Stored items
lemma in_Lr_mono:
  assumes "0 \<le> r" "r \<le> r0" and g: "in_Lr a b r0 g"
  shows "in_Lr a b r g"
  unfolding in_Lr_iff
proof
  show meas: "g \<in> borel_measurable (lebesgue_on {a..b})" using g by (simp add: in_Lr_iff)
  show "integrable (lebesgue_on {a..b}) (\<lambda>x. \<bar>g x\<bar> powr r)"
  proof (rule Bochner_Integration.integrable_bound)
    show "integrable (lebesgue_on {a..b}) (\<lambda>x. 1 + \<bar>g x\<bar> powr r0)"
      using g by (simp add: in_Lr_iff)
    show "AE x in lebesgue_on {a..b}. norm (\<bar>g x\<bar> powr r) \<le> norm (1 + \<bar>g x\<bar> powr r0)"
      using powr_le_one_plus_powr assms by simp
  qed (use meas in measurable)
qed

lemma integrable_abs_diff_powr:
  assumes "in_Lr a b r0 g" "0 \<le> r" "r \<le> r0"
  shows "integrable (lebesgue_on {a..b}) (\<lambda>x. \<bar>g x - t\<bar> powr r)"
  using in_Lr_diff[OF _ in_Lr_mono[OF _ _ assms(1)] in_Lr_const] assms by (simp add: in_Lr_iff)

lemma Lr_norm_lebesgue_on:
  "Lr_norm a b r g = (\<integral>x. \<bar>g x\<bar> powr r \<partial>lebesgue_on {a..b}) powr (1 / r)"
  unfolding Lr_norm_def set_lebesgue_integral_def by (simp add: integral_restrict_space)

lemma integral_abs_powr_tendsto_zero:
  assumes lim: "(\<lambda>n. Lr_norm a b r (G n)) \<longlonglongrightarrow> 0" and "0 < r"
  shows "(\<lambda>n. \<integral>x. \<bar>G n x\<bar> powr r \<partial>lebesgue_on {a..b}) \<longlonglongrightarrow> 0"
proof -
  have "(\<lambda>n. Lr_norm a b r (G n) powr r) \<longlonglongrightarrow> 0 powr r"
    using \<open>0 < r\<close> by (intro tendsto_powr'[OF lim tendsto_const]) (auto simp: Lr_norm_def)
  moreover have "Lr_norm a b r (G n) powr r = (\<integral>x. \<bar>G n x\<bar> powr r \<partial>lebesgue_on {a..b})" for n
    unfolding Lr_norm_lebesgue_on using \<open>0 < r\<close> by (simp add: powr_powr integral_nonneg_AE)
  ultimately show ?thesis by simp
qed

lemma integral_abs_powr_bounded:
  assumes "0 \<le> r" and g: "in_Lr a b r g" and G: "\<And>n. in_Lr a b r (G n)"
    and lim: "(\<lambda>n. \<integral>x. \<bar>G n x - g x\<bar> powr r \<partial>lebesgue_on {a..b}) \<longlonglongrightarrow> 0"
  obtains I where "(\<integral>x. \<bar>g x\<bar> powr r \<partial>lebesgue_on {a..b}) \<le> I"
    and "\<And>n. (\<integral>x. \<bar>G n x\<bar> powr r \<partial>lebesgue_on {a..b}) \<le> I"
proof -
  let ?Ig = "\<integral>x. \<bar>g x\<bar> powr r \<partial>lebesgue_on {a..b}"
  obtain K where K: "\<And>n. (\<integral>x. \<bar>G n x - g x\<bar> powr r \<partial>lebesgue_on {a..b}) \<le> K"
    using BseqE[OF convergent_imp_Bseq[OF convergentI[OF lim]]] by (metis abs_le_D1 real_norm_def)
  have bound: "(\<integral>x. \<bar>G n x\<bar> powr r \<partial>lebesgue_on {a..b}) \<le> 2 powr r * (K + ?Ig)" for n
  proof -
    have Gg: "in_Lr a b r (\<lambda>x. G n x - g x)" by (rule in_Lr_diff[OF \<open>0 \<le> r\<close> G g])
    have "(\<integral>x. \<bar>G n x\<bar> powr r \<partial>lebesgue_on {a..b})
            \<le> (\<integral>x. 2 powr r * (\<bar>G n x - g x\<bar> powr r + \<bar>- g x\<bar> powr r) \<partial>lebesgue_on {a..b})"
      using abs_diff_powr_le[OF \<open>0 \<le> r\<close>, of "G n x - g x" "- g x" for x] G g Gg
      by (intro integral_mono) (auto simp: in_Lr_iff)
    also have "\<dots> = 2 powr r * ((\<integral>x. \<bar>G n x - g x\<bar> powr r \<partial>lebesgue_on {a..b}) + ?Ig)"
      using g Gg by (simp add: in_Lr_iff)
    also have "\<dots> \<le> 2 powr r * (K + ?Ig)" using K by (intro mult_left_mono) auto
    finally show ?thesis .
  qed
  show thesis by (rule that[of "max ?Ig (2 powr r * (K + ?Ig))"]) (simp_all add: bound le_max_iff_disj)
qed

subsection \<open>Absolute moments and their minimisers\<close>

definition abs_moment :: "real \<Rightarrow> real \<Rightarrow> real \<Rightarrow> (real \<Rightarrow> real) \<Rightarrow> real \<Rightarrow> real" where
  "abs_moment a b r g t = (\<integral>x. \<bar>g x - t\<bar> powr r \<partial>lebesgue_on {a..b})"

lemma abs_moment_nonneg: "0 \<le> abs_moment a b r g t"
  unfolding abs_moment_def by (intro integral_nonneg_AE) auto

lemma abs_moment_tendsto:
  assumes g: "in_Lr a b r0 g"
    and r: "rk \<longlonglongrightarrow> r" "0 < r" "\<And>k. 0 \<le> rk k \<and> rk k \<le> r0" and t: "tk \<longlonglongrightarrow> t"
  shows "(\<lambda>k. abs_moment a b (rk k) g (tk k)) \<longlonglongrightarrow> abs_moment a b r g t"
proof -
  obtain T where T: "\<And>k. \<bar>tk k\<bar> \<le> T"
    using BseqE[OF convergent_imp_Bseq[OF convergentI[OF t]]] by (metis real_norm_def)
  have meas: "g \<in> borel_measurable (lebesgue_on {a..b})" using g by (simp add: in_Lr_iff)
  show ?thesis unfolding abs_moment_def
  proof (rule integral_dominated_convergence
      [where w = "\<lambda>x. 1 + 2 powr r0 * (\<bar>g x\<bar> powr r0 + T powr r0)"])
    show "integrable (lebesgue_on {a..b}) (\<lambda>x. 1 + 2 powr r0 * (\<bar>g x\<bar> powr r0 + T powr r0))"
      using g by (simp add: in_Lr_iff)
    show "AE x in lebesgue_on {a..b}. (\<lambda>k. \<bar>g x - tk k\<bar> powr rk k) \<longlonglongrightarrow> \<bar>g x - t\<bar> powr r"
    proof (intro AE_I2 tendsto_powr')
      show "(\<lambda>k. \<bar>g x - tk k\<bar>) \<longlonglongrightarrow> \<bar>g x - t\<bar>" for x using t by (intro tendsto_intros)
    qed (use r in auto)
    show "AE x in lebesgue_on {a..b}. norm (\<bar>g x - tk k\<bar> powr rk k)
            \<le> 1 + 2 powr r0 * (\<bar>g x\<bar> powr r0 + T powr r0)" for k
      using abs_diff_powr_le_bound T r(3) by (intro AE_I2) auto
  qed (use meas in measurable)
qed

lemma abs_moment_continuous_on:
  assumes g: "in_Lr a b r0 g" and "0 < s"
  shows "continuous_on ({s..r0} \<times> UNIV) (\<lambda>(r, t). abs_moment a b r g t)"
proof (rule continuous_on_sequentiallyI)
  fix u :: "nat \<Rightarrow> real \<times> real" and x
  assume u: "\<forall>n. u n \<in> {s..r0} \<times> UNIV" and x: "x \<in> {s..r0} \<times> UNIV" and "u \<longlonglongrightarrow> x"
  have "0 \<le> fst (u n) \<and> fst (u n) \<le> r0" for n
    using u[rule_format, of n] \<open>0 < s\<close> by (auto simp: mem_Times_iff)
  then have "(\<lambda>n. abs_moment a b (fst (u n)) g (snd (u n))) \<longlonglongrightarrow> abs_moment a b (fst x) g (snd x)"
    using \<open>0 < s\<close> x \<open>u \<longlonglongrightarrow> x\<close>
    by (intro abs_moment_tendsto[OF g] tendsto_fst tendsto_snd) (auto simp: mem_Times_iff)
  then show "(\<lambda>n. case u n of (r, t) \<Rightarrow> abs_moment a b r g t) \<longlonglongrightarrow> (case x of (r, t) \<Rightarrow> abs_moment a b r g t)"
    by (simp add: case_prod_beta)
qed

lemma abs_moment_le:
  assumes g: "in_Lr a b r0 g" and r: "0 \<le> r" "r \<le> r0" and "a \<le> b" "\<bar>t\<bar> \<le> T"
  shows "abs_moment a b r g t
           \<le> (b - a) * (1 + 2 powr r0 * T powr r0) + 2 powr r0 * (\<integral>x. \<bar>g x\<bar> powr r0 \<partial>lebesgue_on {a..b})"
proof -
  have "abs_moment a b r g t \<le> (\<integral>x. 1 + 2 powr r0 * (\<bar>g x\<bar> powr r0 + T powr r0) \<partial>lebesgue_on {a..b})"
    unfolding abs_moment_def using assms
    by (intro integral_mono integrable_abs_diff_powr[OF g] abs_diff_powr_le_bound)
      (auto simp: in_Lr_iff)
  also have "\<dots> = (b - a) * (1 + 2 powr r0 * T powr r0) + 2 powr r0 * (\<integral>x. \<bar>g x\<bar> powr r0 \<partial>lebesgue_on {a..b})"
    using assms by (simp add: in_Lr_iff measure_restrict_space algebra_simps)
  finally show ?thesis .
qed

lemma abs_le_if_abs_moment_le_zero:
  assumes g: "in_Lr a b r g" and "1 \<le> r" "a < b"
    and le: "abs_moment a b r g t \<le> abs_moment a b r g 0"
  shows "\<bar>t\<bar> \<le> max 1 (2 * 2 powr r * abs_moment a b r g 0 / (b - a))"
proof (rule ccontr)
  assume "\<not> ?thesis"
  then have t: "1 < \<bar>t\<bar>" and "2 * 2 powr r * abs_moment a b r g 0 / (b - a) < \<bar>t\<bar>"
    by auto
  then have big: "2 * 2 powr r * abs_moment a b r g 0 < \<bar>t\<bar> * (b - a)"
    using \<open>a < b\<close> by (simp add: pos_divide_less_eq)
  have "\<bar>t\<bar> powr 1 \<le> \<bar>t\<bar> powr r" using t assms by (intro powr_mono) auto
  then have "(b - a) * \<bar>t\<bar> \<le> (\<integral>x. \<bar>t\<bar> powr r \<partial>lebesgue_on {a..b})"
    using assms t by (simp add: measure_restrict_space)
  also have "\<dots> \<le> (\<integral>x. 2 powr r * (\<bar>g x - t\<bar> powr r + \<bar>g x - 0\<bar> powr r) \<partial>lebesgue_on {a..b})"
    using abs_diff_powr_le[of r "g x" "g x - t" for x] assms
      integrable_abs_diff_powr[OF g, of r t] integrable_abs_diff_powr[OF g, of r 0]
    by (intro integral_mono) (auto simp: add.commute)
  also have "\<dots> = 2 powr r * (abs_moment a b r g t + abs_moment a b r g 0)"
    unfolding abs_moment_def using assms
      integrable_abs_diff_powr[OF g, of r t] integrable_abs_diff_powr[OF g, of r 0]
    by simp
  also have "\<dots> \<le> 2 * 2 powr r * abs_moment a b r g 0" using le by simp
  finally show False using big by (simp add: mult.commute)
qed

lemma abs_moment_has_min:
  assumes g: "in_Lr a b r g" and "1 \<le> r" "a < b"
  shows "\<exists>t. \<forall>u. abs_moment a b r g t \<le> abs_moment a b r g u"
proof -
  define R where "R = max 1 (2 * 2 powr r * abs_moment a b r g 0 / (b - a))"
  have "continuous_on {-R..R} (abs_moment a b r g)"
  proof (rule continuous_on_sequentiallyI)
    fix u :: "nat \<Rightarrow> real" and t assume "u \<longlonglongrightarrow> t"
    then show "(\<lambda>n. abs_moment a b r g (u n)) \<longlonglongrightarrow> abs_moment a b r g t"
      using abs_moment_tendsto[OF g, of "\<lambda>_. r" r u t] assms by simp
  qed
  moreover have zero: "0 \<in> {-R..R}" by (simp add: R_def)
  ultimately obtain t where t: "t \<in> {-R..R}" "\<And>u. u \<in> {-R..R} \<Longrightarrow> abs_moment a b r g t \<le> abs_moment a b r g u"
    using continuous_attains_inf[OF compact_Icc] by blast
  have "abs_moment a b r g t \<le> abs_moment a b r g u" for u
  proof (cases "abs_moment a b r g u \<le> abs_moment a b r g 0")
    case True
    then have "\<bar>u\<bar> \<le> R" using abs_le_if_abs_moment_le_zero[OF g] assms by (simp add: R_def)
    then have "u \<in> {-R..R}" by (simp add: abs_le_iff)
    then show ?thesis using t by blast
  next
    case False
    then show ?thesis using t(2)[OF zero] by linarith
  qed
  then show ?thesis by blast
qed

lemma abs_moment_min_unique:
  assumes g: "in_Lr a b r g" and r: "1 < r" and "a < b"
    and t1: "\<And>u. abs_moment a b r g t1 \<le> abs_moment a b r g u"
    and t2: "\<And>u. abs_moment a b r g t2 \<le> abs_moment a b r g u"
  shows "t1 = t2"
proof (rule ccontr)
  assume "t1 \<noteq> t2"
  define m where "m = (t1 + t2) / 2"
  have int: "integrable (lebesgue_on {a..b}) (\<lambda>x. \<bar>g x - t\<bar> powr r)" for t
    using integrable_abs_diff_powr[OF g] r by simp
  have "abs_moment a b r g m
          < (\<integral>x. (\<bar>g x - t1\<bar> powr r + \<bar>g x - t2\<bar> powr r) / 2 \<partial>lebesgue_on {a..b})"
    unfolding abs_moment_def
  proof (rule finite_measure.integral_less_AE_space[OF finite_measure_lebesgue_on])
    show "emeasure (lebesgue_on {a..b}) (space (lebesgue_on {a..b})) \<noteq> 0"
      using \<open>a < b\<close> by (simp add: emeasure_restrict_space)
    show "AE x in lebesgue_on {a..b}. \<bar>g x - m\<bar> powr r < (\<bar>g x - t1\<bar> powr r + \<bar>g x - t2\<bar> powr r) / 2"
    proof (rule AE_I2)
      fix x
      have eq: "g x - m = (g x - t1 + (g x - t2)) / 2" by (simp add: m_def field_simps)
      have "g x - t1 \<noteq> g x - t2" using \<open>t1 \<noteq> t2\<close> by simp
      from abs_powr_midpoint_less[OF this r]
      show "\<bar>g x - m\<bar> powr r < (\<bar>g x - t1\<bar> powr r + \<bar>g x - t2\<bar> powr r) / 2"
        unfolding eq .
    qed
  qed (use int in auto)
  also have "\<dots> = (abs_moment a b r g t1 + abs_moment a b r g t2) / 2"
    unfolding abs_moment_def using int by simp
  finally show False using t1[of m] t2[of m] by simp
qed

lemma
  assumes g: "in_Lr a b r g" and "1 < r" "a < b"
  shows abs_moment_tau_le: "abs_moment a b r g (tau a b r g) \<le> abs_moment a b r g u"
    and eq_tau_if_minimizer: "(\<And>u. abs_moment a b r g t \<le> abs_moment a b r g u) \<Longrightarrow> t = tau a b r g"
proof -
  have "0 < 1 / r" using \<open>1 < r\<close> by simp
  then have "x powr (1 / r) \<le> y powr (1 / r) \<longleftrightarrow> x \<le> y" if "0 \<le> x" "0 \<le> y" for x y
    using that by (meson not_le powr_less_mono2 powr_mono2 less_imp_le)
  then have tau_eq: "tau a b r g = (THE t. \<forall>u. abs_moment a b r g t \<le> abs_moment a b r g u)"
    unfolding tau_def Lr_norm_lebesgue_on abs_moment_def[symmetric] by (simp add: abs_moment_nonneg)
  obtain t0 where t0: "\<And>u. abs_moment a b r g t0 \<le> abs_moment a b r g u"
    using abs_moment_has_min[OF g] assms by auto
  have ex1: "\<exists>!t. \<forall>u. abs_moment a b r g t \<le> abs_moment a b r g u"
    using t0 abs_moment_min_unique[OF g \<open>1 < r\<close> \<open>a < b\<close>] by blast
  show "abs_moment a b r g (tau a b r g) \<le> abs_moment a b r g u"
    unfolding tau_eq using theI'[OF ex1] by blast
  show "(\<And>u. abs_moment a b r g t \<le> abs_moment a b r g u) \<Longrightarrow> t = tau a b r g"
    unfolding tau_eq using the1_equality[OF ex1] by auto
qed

AIM OF THE EXERCISE — Would you print exactly the lines from the first line of the entries above through the line that has "obtains I where", both included, and stop there?

RESULT OF THE TASK —
lemma in_Lr_mono:
  assumes "0 \<le> r" "r \<le> r0" and g: "in_Lr a b r0 g"
  shows "in_Lr a b r g"
  unfolding in_Lr_iff
proof
  show meas: "g \<in> borel_measurable (lebesgue_on {a..b})" using g by (simp add: in_Lr_iff)
  show "integrable (lebesgue_on {a..b}) (\<lambda>x. \<bar>g x\<bar> powr r)"
  proof (rule Bochner_Integration.integrable_bound)
    show "integrable (lebesgue_on {a..b}) (\<lambda>x. 1 + \<bar>g x\<bar> powr r0)"
      using g by (simp add: in_Lr_iff)
    show "AE x in lebesgue_on {a..b}. norm (\<bar>g x\<bar> powr r) \<le> norm (1 + \<bar>g x\<bar> powr r0)"
      using powr_le_one_plus_powr assms by simp
  qed (use meas in measurable)
qed

lemma integrable_abs_diff_powr:
  assumes "in_Lr a b r0 g" "0 \<le> r" "r \<le> r0"
  shows "integrable (lebesgue_on {a..b}) (\<lambda>x. \<bar>g x - t\<bar> powr r)"
  using in_Lr_diff[OF _ in_Lr_mono[OF _ _ assms(1)] in_Lr_const] assms by (simp add: in_Lr_iff)

lemma Lr_norm_lebesgue_on:
  "Lr_norm a b r g = (\<integral>x. \<bar>g x\<bar> powr r \<partial>lebesgue_on {a..b}) powr (1 / r)"
  unfolding Lr_norm_def set_lebesgue_integral_def by (simp add: integral_restrict_space)

lemma integral_abs_powr_tendsto_zero:
  assumes lim: "(\<lambda>n. Lr_norm a b r (G n)) \<longlonglongrightarrow> 0" and "0 < r"
  shows "(\<lambda>n. \<integral>x. \<bar>G n x\<bar> powr r \<partial>lebesgue_on {a..b}) \<longlonglongrightarrow> 0"
proof -
  have "(\<lambda>n. Lr_norm a b r (G n) powr r) \<longlonglongrightarrow> 0 powr r"
    using \<open>0 < r\<close> by (intro tendsto_powr'[OF lim tendsto_const]) (auto simp: Lr_norm_def)
  moreover have "Lr_norm a b r (G n) powr r = (\<integral>x. \<bar>G n x\<bar> powr r \<partial>lebesgue_on {a..b})" for n
    unfolding Lr_norm_lebesgue_on using \<open>0 < r\<close> by (simp add: powr_powr integral_nonneg_AE)
  ultimately show ?thesis by simp
qed

lemma integral_abs_powr_bounded:
  assumes "0 \<le> r" and g: "in_Lr a b r g" and G: "\<And>n. in_Lr a b r (G n)"
    and lim: "(\<lambda>n. \<integral>x. \<bar>G n x - g x\<bar> powr r \<partial>lebesgue_on {a..b}) \<longlonglongrightarrow> 0"
  obtains I where "(\<integral>x. \<bar>g x\<bar> powr r \<partial>lebesgue_on {a..b}) \<le> I"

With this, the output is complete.